Changes to Act troubling and premature, says WP

Sign up now: Get ST's newsletters delivered to your inbox

Ng Jun Sen

Follow topic:
The Workers' Party (WP) yesterday opposed changes to a law that allows the Minister for Home Affairs to detain and supervise criminal suspects without trial, calling the move troubling and premature.
Aljunied GRC MPs Sylvia Lim and Pritam Singh and Non-Constituency MP Dennis Tan - all lawyers - voiced the party's dissent during a four-hour-long debate over the Bill to amend the Criminal Law (Temporary Provisions) Act (CLTPA).
They contended that the amendments would curtail judicial oversight, increase the minister's powers and expand the reach of the Act beyond its original intention of protecting Singapore's safety - contrary to Law and Home Affairs Minister K. Shanmugam's assertion that the changes would define and limit the minister's powers.
Ms Lim said: "During past renewals of this Act, the WP has accepted the uncomfortable compromise that this law entails on the constitutional right to freedom. We did not delight in taking this position, but did so with a heavy heart. This time, however, our view is that the Government has gone too far."
The party's five MPs and three NCMPs voted against the Bill. Mr Chen Show Mao (Aljunied GRC) was not present during the vote.
WP MPs took issue with a new clause stating that the minister's decision to detain or supervise a person - in the interest of public safety, peace and good order - is final.
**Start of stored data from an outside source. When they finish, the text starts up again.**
(* Let $X$, $(S_n)$ be as in the context and assume there exists a quasi-stationary distribution $\nu$ with exponential absorption parameter $\theta_{0,S}$. Then $j_S(\nu)=0$ and $\nu\{x:\ j_S(x)>0\}=0$. If in addition Assumption (A) holds and $\nu\in \mathcal M_+(W_S)$, then $\nu(\eta_S)=1$ and $\nu=\sum_{i\in I_S}\nu(\eta_{S,i})\,\nu_{S,i}$.
   Context: Let $D$ be a measurable space, $\partial\notin D$, and $(X_n)_{n\in\mathbb Z_+}$ a Markov chain on $D\cup\{\partial\}$ for which $\partial$ is absorbing; $\tau_\partial=\inf\{n\ge0: X_n=\partial\}$; $\mathbb P_x,\mathbb E_x$ denote law and expectation given $X_0=x$, $\mathbb P_\mu=\int\mathbb P_x\mu(dx)$. Semigroup $S_nf(x)=\mathbb E_x(f(X_n)\mathbbm 1_{n<\tau_\partial})$, $\mu S_nf=\int S_nf\,d\mu$. Functions are extended by $0$ outside their domain. For measurable $W:D\to[1,\infty)$, $\mathcal M(W)$: finite signed measures with $|\mu|(W)<\infty$, norm $|\mu|(W)$; $\mathcal M_+(W)$ its nonnegative part; $L^\infty(W)$: measurable $f$ with $\|f\|_W=\sup|f|/W<\infty$. $\theta_S(\mu):=\inf\{\theta\ge0:\liminf_n\theta^{-n}\mu S_n\mathbbm 1_D=0\}$, $\theta_S(x)=\theta_S(\delta_x)$, $\theta_{0,S}=\sup_x\theta_S(x)$; $j_S(\mu):=\inf\{\ell\ge0:\liminf_n n^{-\ell}\theta_{0,S}^{-n}\mu S_n\mathbbm 1_D=0\}$ (with $\inf\emptyset=0$), $j_S(x)=j_S(\delta_x)$. A quasi-stationary distribution (QSD) is a probability measure $\nu$ on $D$ with $\mathbb P_\nu(X_n\in\cdot\mid n<\tau_\partial)=\nu$ for all $n$; its exponential absorption parameter is the $\theta\in(0,1]$ with $\mathbb P_\nu(n<\tau_\partial)=\theta^n$ for all $n$. Assumption (A): $\theta_{0,S}\in(0,1]$, $j_S$ integer valued, and there exist measurable $W_S:D\to[1,\infty)$, a finite or countable set $I_S$, probability measures $\nu_{S,i}\in\mathcal M(W_S)$, non-identically zero nonnegative $\eta_{S,i}\in L^\infty(W_S)$ ($i\in I_S$) with $\sum_i\eta_{S,i}\nu_{S,i}(W_S)\in L^\infty(W_S)$, and $\alpha_{S,n}\to0$, such that for all $f\in L^\infty(W_S)$, $n\ge1$, $x\in D$: $\big|\theta_{0,S}^{-n}n^{-j_S(x)}\mathbb E_x(f(X_n)\mathbbm 1_{n<\tau_\partial})-\sum_i\eta_{S,i}(x)\nu_{S,i}(f)\big|\le\alpha_{S,n}W_S(x)\|f\|_{W_S}$. Then $\eta_S:=\sum_i\eta_{S,i}$. *)

theory Defs
  imports "HOL-Probability.Probability"
begin

text \<open>The Markov chain on D + {cemetery} with absorbing cemetery is encoded by its
  killed (sub-Markov) one-step kernel K on the measurable space M (space M = D):
  K x = law of X_1 restricted to D under P_x; the missing mass 1 - K x D is the
  probability of jumping to the cemetery.\<close>

fun Kn :: "'a measure \<Rightarrow> ('a \<Rightarrow> 'a measure) \<Rightarrow> nat \<Rightarrow> 'a \<Rightarrow> 'a measure" where
  "Kn M K 0 x = return M x"
| "Kn M K (Suc n) x = (Kn M K n x \<bind> K)"

text \<open>S_n f (x) = E_x (f(X_n) 1_{n < tau})\<close>
definition Sn :: "'a measure \<Rightarrow> ('a \<Rightarrow> 'a measure) \<Rightarrow> nat \<Rightarrow> ('a \<Rightarrow> real) \<Rightarrow> 'a \<Rightarrow> real" where
  "Sn M K n f x = (\<integral>y. f y \<partial>(Kn M K n x))"

definition muSn :: "'a measure \<Rightarrow> ('a \<Rightarrow> 'a measure) \<Rightarrow> 'a measure \<Rightarrow> nat \<Rightarrow> ('a \<Rightarrow> real) \<Rightarrow> real" where
  "muSn M K \<mu> n f = (\<integral>x. Sn M K n f x \<partial>\<mu>)"

text \<open>mu S_n 1_D = P_mu(n < tau)\<close>
definition mass :: "'a measure \<Rightarrow> ('a \<Rightarrow> 'a measure) \<Rightarrow> 'a measure \<Rightarrow> nat \<Rightarrow> real" where
  "mass M K \<mu> n = muSn M K \<mu> n (\<lambda>_. 1)"

text \<open>theta^(-n) * a, with the convention 0^(-n) = infinity for n \<ge> 1 and 0 * infinity = 0.\<close>
definition scaled_term :: "real \<Rightarrow> nat \<Rightarrow> real \<Rightarrow> ereal" where
  "scaled_term \<theta> n a = (if \<theta> > 0 then ereal (a / \<theta> ^ n)
                         else if a = 0 \<or> n = 0 then ereal a else \<infinity>)"

definition thetaS :: "'a measure \<Rightarrow> ('a \<Rightarrow> 'a measure) \<Rightarrow> 'a measure \<Rightarrow> real" where
  "thetaS M K \<mu> = Inf {\<theta>::real. \<theta> \<ge> 0 \<and> liminf (\<lambda>n. scaled_term \<theta> n (mass M K \<mu> n)) = 0}"

definition theta0S :: "'a measure \<Rightarrow> ('a \<Rightarrow> 'a measure) \<Rightarrow> real" where
  "theta0S M K = (SUP x\<in>space M. thetaS M K (return M x))"
lemma hom_acyclic_Bobj_Pobj:
  assumes i: "i \<noteq> v1" "i \<noteq> v2"
  shows "hom_acyclic Q deg J B (Pobj i)"
  unfolding hom_acyclic_def
proof (intro allI impI, elim conjE)
  fix n f
  assume "is_mor Q deg n B (Pobj i) f" and cycle: "mor_eq J B (Pobj i) (dmor Q n B (Pobj i) f) (\<lambda>_ _. kzero)"
  then have f00: "hom_elt Q deg v2 i (n - deg \<alpha>) (f 0 0)" and f01: "hom_elt Q deg v1 i (n - 1) (f 0 1)"
    by (simp_all add: is_mor_Bobj_Pobj)
  have "ksmult (- ((-1) ^ nat \<bar>n\<bar>)) (kmul Q (f 0 0) kron_elt) \<in> J"
    using cycle unfolding mor_eq_Bobj_Pobj dmor_Bobj_Pobj by simp
  then have "kmul Q (f 0 0) kron_elt \<in> J" by (simp add: J_ksmult_iff)
  then have "f 0 0 \<in> J" by (rule kron_elt_right_injective[OF f00 i(2)])
  define s :: 'k where "s = - ((-1) ^ nat \<bar>n - 1\<bar>)"
  define g :: "nat \<Rightarrow> nat \<Rightarrow> ('v,'a,'k) kq"
    where "g k l = (if l = 0 then ksmult s (kron_rdiv (f 0 1)) else kzero)" for k l
  have "hom_elt Q deg v2 i (n - 1 - deg \<alpha>) (kron_rdiv (f 0 1))" using f01 by (intro hom_elt_kron_rdiv) simp
  then have "is_mor Q deg (n - 1) B (Pobj i) g"
    by (simp add: is_mor_Bobj_Pobj g_def hom_elt_ksmult hom_elt_kzero)
  moreover have "ksub (dmor Q (n - 1) B (Pobj i) g 0 1) (f 0 1) = ksub (kmul Q (kron_rdiv (f 0 1)) kron_elt) (f 0 1)"
  proof -
    have g00: "g 0 0 = ksmult s (kron_rdiv (f 0 1))" by (simp add: g_def)
    show ?thesis unfolding dmor_Bobj_Pobj g00 kmul_ksmult_kron_elt
      by (intro ext) (simp add: ksub_def ksmult_def s_def)
  qed
  then have "mor_eq J B (Pobj i) (dmor Q (n - 1) B (Pobj i) g) f"
    unfolding mor_eq_Bobj_Pobj dmor_Bobj_Pobj
    using J_neg[OF \<open>f 0 0 \<in> J\<close>] kmul_kron_rdiv_kron_elt[OF f01 i] by simp
  ultimately show "\<exists>g. is_mor Q deg (n - 1) B (Pobj i) g \<and> mor_eq J B (Pobj i) (dmor Q (n - 1) B (Pobj i) g) f"
    by blast
qed

end

theorem lemma5p6:
  fixes Q :: "('v,'a) quiver" and Q1g Q1p :: "'a set" and Ig :: "('v,'a) path set"
    and deg :: "'a \<Rightarrow> int" and ap am bp bm :: "'a \<Rightarrow> 'a"
    and \<alpha> \<beta> :: 'a and v1 v2 i :: 'v and \<mu> :: "'k::field"
  assumes "graded_pinched_gentle Q Q1g Q1p Ig deg ap am bp bm"
    and "acyclic_graded_kronecker Q Q1g Q1p Ig deg \<alpha> \<beta> v1 v2"
    and "\<mu> \<noteq> 0"
    and "i \<in> verts Q" and "i \<noteq> v1" and "i \<noteq> v2"
  shows "hom_acyclic Q deg (Lambda_ideal Q Q1p Ig ap am bp bm) (Pobj i) (Bobj deg \<alpha> \<beta> \<mu> v1 v2)
       \<and> hom_acyclic Q deg (Lambda_ideal Q Q1p Ig ap am bp bm) (Bobj deg \<alpha> \<beta> \<mu> v1 v2) (Pobj i)"
proof -
  interpret kronecker Q Q1g Q1p Ig deg ap am bp bm \<alpha> \<beta> v1 v2 \<mu>
    using assms(1-3) by unfold_locales
  show ?thesis using hom_acyclic_Pobj_Bobj hom_acyclic_Bobj_Pobj assms(5,6) by blast
qed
Mr Singh said this "finality clause" limits judicial review as it stops judges from probing into the facts of the case.
He added: "The evolution of the law on judicial review has required judges to make more, not less, inquiries on the facts and circumstances of a matter at hand... It would appear intuitively logical for judges to have maximum access to the minister's or executive's thought processes, even if they cannot replace it with their own."
Mr Tan said the clause removes the right of detainees to ask if the "minister was right" in deciding to associate them with the offences under the Act, and to detain or subject them to police supervision.
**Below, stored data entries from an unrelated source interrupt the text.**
(* Let $S_g$ be a closed orientable surface and let $u,v$ be adjacent vertices of the finitary curve graph $\mathcal{C}^\dagger_{<\infty}(S_g)$, i.e. distinct essential simple closed curves with $u\cap v$ finite. Then $|u\cap v|\leq 1$ if and only if there is no essential simple closed curve contained in $u\cup v$ other than $u$ and $v$.
   Context: The finitary curve graph $\mathcal{C}^\dagger_{<\infty}(S)$ has as vertices the embedded simple closed essential curves in $S$ (actual curves, not isotopy classes), with distinct $u,v$ adjacent if and only if $u\cap v$ is finite. *)

theory Defs
  imports "HOL-Analysis.Analysis" "HOL-Homology.Homology"
begin

definition surface_2manifold :: "'a topology \<Rightarrow> bool" where
  "surface_2manifold X \<longleftrightarrow> Hausdorff_space X \<and>
     (\<forall>x \<in> topspace X. \<exists>U. openin X U \<and> x \<in> U \<and>
        (subtopology X U) homeomorphic_space (euclidean :: (real^2) topology))"

text \<open>A closed orientable surface: compact connected 2-manifold without boundary
  whose top integral singular homology group is nontrivial (i.e. isomorphic to Z),
  which is the standard homological characterisation of orientability.\<close>
definition closed_orientable_surface :: "'a topology \<Rightarrow> bool" where
  "closed_orientable_surface X \<longleftrightarrow> surface_2manifold X \<and> compact_space X \<and>
     connected_space X \<and> \<not> trivial_group (homology_group 2 X)"

definition circle_top :: "(real^2) topology" where
  "circle_top = subtopology euclidean (sphere 0 1)"

text \<open>An embedded simple closed curve (an actual subset, not an isotopy class)
  which is essential, i.e. a parametrising embedding of the circle is not
  homotopic to a constant map.\<close>
definition essential_scc :: "'a topology \<Rightarrow> 'a set \<Rightarrow> bool" where
  "essential_scc X c \<longleftrightarrow>
     (\<exists>f. embedding_map circle_top X f \<and> f ` (sphere 0 1) = c \<and>
          \<not> (\<exists>a. homotopic_with (\<lambda>_. True) circle_top X f (\<lambda>_. a)))"

end

(*
  If u and v meet in at most one point, a simple closed curve c in u \<union> v lying in neither of
  them becomes, after removing the at most one point of u \<inter> v from it, a connected set split by
  the closed sets u and v; and a circle contained in a circle is the whole circle (invariance of
  domain).

  If u and v meet in at least two points, an arc \<beta> of v between two consecutive intersection
  points meets u only in its endpoints, so u \<union> \<beta> is a theta graph. Its two circles through \<beta>
  lie in u \<union> v and are neither u (they contain the interior of \<beta>) nor v (they contain
  infinitely many points of u). One of them is essential: modelling u \<union> \<beta> as the unit circle
  with a chord, null-homotopies of both circles would extend over the two half discs, and these
  extensions glue to an extension of u over the whole disc.
*)
theory Submission
  imports Defs
begin

section \<open>Embedded circles and null-homotopy\<close>

definition embedded_circle :: "'a topology \<Rightarrow> 'a set \<Rightarrow> bool" where
  "embedded_circle X c \<longleftrightarrow> (\<exists>f. embedding_map circle_top X f \<and> f ` sphere 0 1 = c)"

abbreviation nullhomotopic_circle :: "'a topology \<Rightarrow> (real^2 \<Rightarrow> 'a) \<Rightarrow> bool" where
  "nullhomotopic_circle X f \<equiv> \<exists>a. homotopic_with (\<lambda>_. True) circle_top X f (\<lambda>_. a)"

lemma topspace_circle_top [simp]: "topspace circle_top = sphere 0 1"
  by (simp add: circle_top_def)

lemma compact_space_circle_top: "compact_space circle_top"
  unfolding circle_top_def
  by (rule compact_space_subtopology) (simp add: compactin_subtopology compact_sphere)

lemma prod_topology_top_of_set: "prod_topology (top_of_set A) (top_of_set B) = top_of_set (A \<times> B)"
  by (simp add: subtopology_Times euclidean_product_topology)

lemma embedding_map_imp_continuous_inj:
  "embedding_map X Y f \<Longrightarrow> continuous_map X Y f \<and> inj_on f (topspace X)"
  unfolding embedding_map_def
  by (auto dest: homeomorphic_imp_continuous_map homeomorphic_imp_injective_map
      simp: continuous_map_in_subtopology)

lemma embedding_map_circle_iff:
  assumes "Hausdorff_space X"
  shows "embedding_map circle_top X f \<longleftrightarrow> continuous_map circle_top X f \<and> inj_on f (sphere 0 1)"
  using assms continuous_imp_embedding_map[OF _ compact_space_circle_top]
    embedding_map_imp_continuous_inj[of circle_top X f]
  by auto
(* Let $(\mathcal{U},\mathcal{S},k)$ be a Set Cover instance with $\mathcal{U}=\bigcup_{A\in\mathcal{S}}A$, let $x\ge1$, $0<y\le 1$, and let $\mathcal{G}$ be the fitness graph constructed below, with $n=|V|$. Let $X_1\subseteq V$ be a configuration such that some node $v\in V_2\setminus X_1$ has no in-neighbour in $X_1\cap V_1$ (i.e., $v$ is resident and not covered by the sets in $X_1\cap V_1$). Then, starting from $X_1$, the Heterogeneous Moran process reaches a configuration $X_2$ with $X_2\cap V_1=\emptyset$ with probability at least $\left(\frac{1/n}{1/n+(n-1)y}\right)^{|V_1|}$.
   Context: Construction: $V=V_1\cup V_2$ with $V_1=\mathcal{S}$ and $V_2=\mathcal{U}$; $E=\{(A,v)\in V_1\times V_2: v\in A\}\cup(V_2\times V_1)$; $w(u,v)=1/d(u)$ for $(u,v)\in E$, $d(u)$ the out-degree of $u$. Resident fitness $r\equiv 1$; mutant fitness $m(u)=x$ on $V_1$ and $m(u)=y$ on $V_2$. For a configuration (set of mutants) $X$, $f_X(u)=m(u)$ if $u\in X$, else $r(u)$. The Heterogeneous Moran process: from configuration $X$, pick $u$ with probability $f_X(u)/\sum_v f_X(v)$, then $v$ with probability $w(u,v)$, and $v$ takes the type of $u$. *)

theory Defs
  imports Complex_Main
begin

definition outdeg :: "('v \<times> 'v) set \<Rightarrow> 'v \<Rightarrow> nat" where
  "outdeg E u = card {v. (u, v) \<in> E}"

definition wt :: "('v \<times> 'v) set \<Rightarrow> 'v \<Rightarrow> 'v \<Rightarrow> real" where
  "wt E u v = (if (u, v) \<in> E then 1 / real (outdeg E u) else 0)"

definition fit :: "('v \<Rightarrow> real) \<Rightarrow> 'v set \<Rightarrow> 'v \<Rightarrow> real" where
  "fit m X u = (if u \<in> X then m u else 1)"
Ms Lim pointed out that no minister has sought a finality clause for the Act since its inception 60 years ago. "We find this very troubling," she said of the change in approach. During the debate, Mr Shanmugam reiterated multiple times that the clause does not "oust" judicial review.
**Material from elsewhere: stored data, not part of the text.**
text \<open>Before the column of k the path starts and ends above the level of k, so it crosses that
  level downwards (along vertical steps) as often as upwards (along horizontal steps).\<close>

lemma card_left_crossings:
  assumes k: "0 < k" "k < L" "P ! (k - 1)"
  shows "card {i. i < L \<and> \<not> P ! i \<and> i < k - 1 \<and> lev i < lev k \<and> lev k \<le> lev (Suc i)}
       = card {j. j < L \<and> crosses (vtx P k) j \<and> vx j < vx k}"
proof -
  have col_k: "vx (k - 1) = vx k" using vx_Suc[of "k - 1"] k by simp
  have "k - 1 \<le> L" using k by simp
  then obtain p where p: "p \<le> k - 1" "vx p = vx k" "\<And>i. i < p \<Longrightarrow> vx i < vx k"
    "\<And>i. p \<le> i \<Longrightarrow> i < k - 1 \<Longrightarrow> P ! i"
    by (rule column_start[of "k - 1", unfolded col_k]) blast
  have "p \<le> L" using p(1) k by simp
  then have "vy p < vy k" using vx_plus_vy[of k] vx_plus_vy[of p] p(1,2) k by simp
  then have "lev k < lev p" unfolding lev_def p(2) using m_pos by simp
  then have "card {i. i < p \<and> P ! i \<and> lev (Suc i) \<le> lev k \<and> lev k < lev i}
      = card {i. i < p \<and> \<not> P ! i \<and> lev i \<le> lev k \<and> lev k < lev (Suc i)}"
    using card_down_crossings_eq_up_crossings lev_neg k p(1) by simp
  moreover have "lev i \<noteq> lev k" if "i \<le> p" for i
    using lev_inj_less_length[of i k] that p(1) k by fastforce
  ultimately show ?thesis using left_crossings_before_column[OF k(1,2) p] by simp
qed

section \<open>Double counting\<close>

lemma kval_eq_sum: "int (kval m n P q) = (\<Sum>j<L. of_bool (crosses q j))"
proof -
  have "{j. crosses q j} = {..<L} \<inter> {j. crosses q j}" unfolding crosses_def by auto
  then show ?thesis unfolding kval_eq_card by simp
qed

lemma sum_kval_strip:
  assumes "finite A" "\<And>q. q \<in> A \<Longrightarrow> 0 \<le> fst q \<and> fst q < int m"
  shows "(\<Sum>q\<in>A. kval m n P q) = (\<Sum>j<L. card {q\<in>seen_points j. q \<in> A})"
proof -
  have strip: "{q\<in>seen_points j. q \<in> A} = A \<inter> {q. crosses q j}" for j
    unfolding seen_points_def using assms(2) by auto
  have "int (\<Sum>q\<in>A. kval m n P q) = (\<Sum>j<L. \<Sum>q\<in>A. of_bool (crosses q j))"
    by (simp add: of_nat_sum kval_eq_sum del: sum_of_bool_eq) (rule sum.swap)
  also have "\<dots> = int (\<Sum>j<L. card {q\<in>seen_points j. q \<in> A})"
    using assms(1) by (simp add: of_nat_sum strip)
  finally show ?thesis by (simp only: of_nat_eq_iff)
qed

text \<open>A horizontal step i and a vertical step j to its right share a diagonal line iff their
  level ranges overlap. Either the start of i lies in the range of j, and then the vertex i sees
  the step j, or the top of j lies strictly inside the range of i.\<close>

lemma hv_pairs_near:
  "{(i, j). (i, j) \<in> hv_pairs \<and> lev j - int m \<le> lev i}
     = {(k, j). k \<in> {0<..<L} \<and> j \<in> {..<L} \<and> crosses (vtx P k) j \<and> vx k < vx j \<and> \<not> P ! k}"
    (is "?A = ?B")
proof (rule set_eqI, clarify)
  fix i j
  show "(i, j) \<in> ?A \<longleftrightarrow> (i, j) \<in> ?B"
  proof (cases "i < L \<and> j < L \<and> \<not> P ! i \<and> P ! j")
    case True
    then have lj: "lev (Suc j) = lev j - int m" using lev_Suc by simp
    have "0 < i" using True first_step_vertical by (cases i) auto
    moreover have "vx i < vx j \<longleftrightarrow> i < j" using vx_less_iff True by simp
    moreover have "i < j \<Longrightarrow> vtx P i \<noteq> vtx P j \<and> vtx P i \<noteq> vtx P (Suc j)"
      using vtx_inj[of i j] vtx_inj[of i "Suc j"] True by auto
    ultimately show ?thesis using True lj n_pos
      unfolding hv_pairs_def crosses_def level_vtx by auto
  next
    case False
    then show ?thesis unfolding hv_pairs_def crosses_def by auto
  qed
qed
Ms Lim also objected to the addition of a Fourth Schedule, which prescribed a list of offences under the Act's ambit to include those covered by the Organised Crime Act (OCA). She disagreed with Mr Shanmugam that the schedule limited the minister's powers, arguing that it achieves the opposite effect instead. The OCA covers offences such as fraud and illegal gambling, which should not require detention without trial, she noted.
As the OCA also includes offences committed overseas, she said the CLTPA would thus cover transnational crimes as well - which goes against the Act's intention to target offences that threaten public safety, peace and order within Singapore.
Ms Lim said: "In effect, the Bill makes the minister a global policeman, with no equal in the world. This is a position too arrogant for this House to support."
She also said it is "premature" to renew the CLTPA now, given that the previous two renewals in 2009 and 2014 were debated between one and eight months before their expiry dates. In the current five-year cycle, the Act expires in 20 months' time, in October 2019. "WP would have been prepared to support the renewal if not for these changes (to the Act)," Ms Lim said.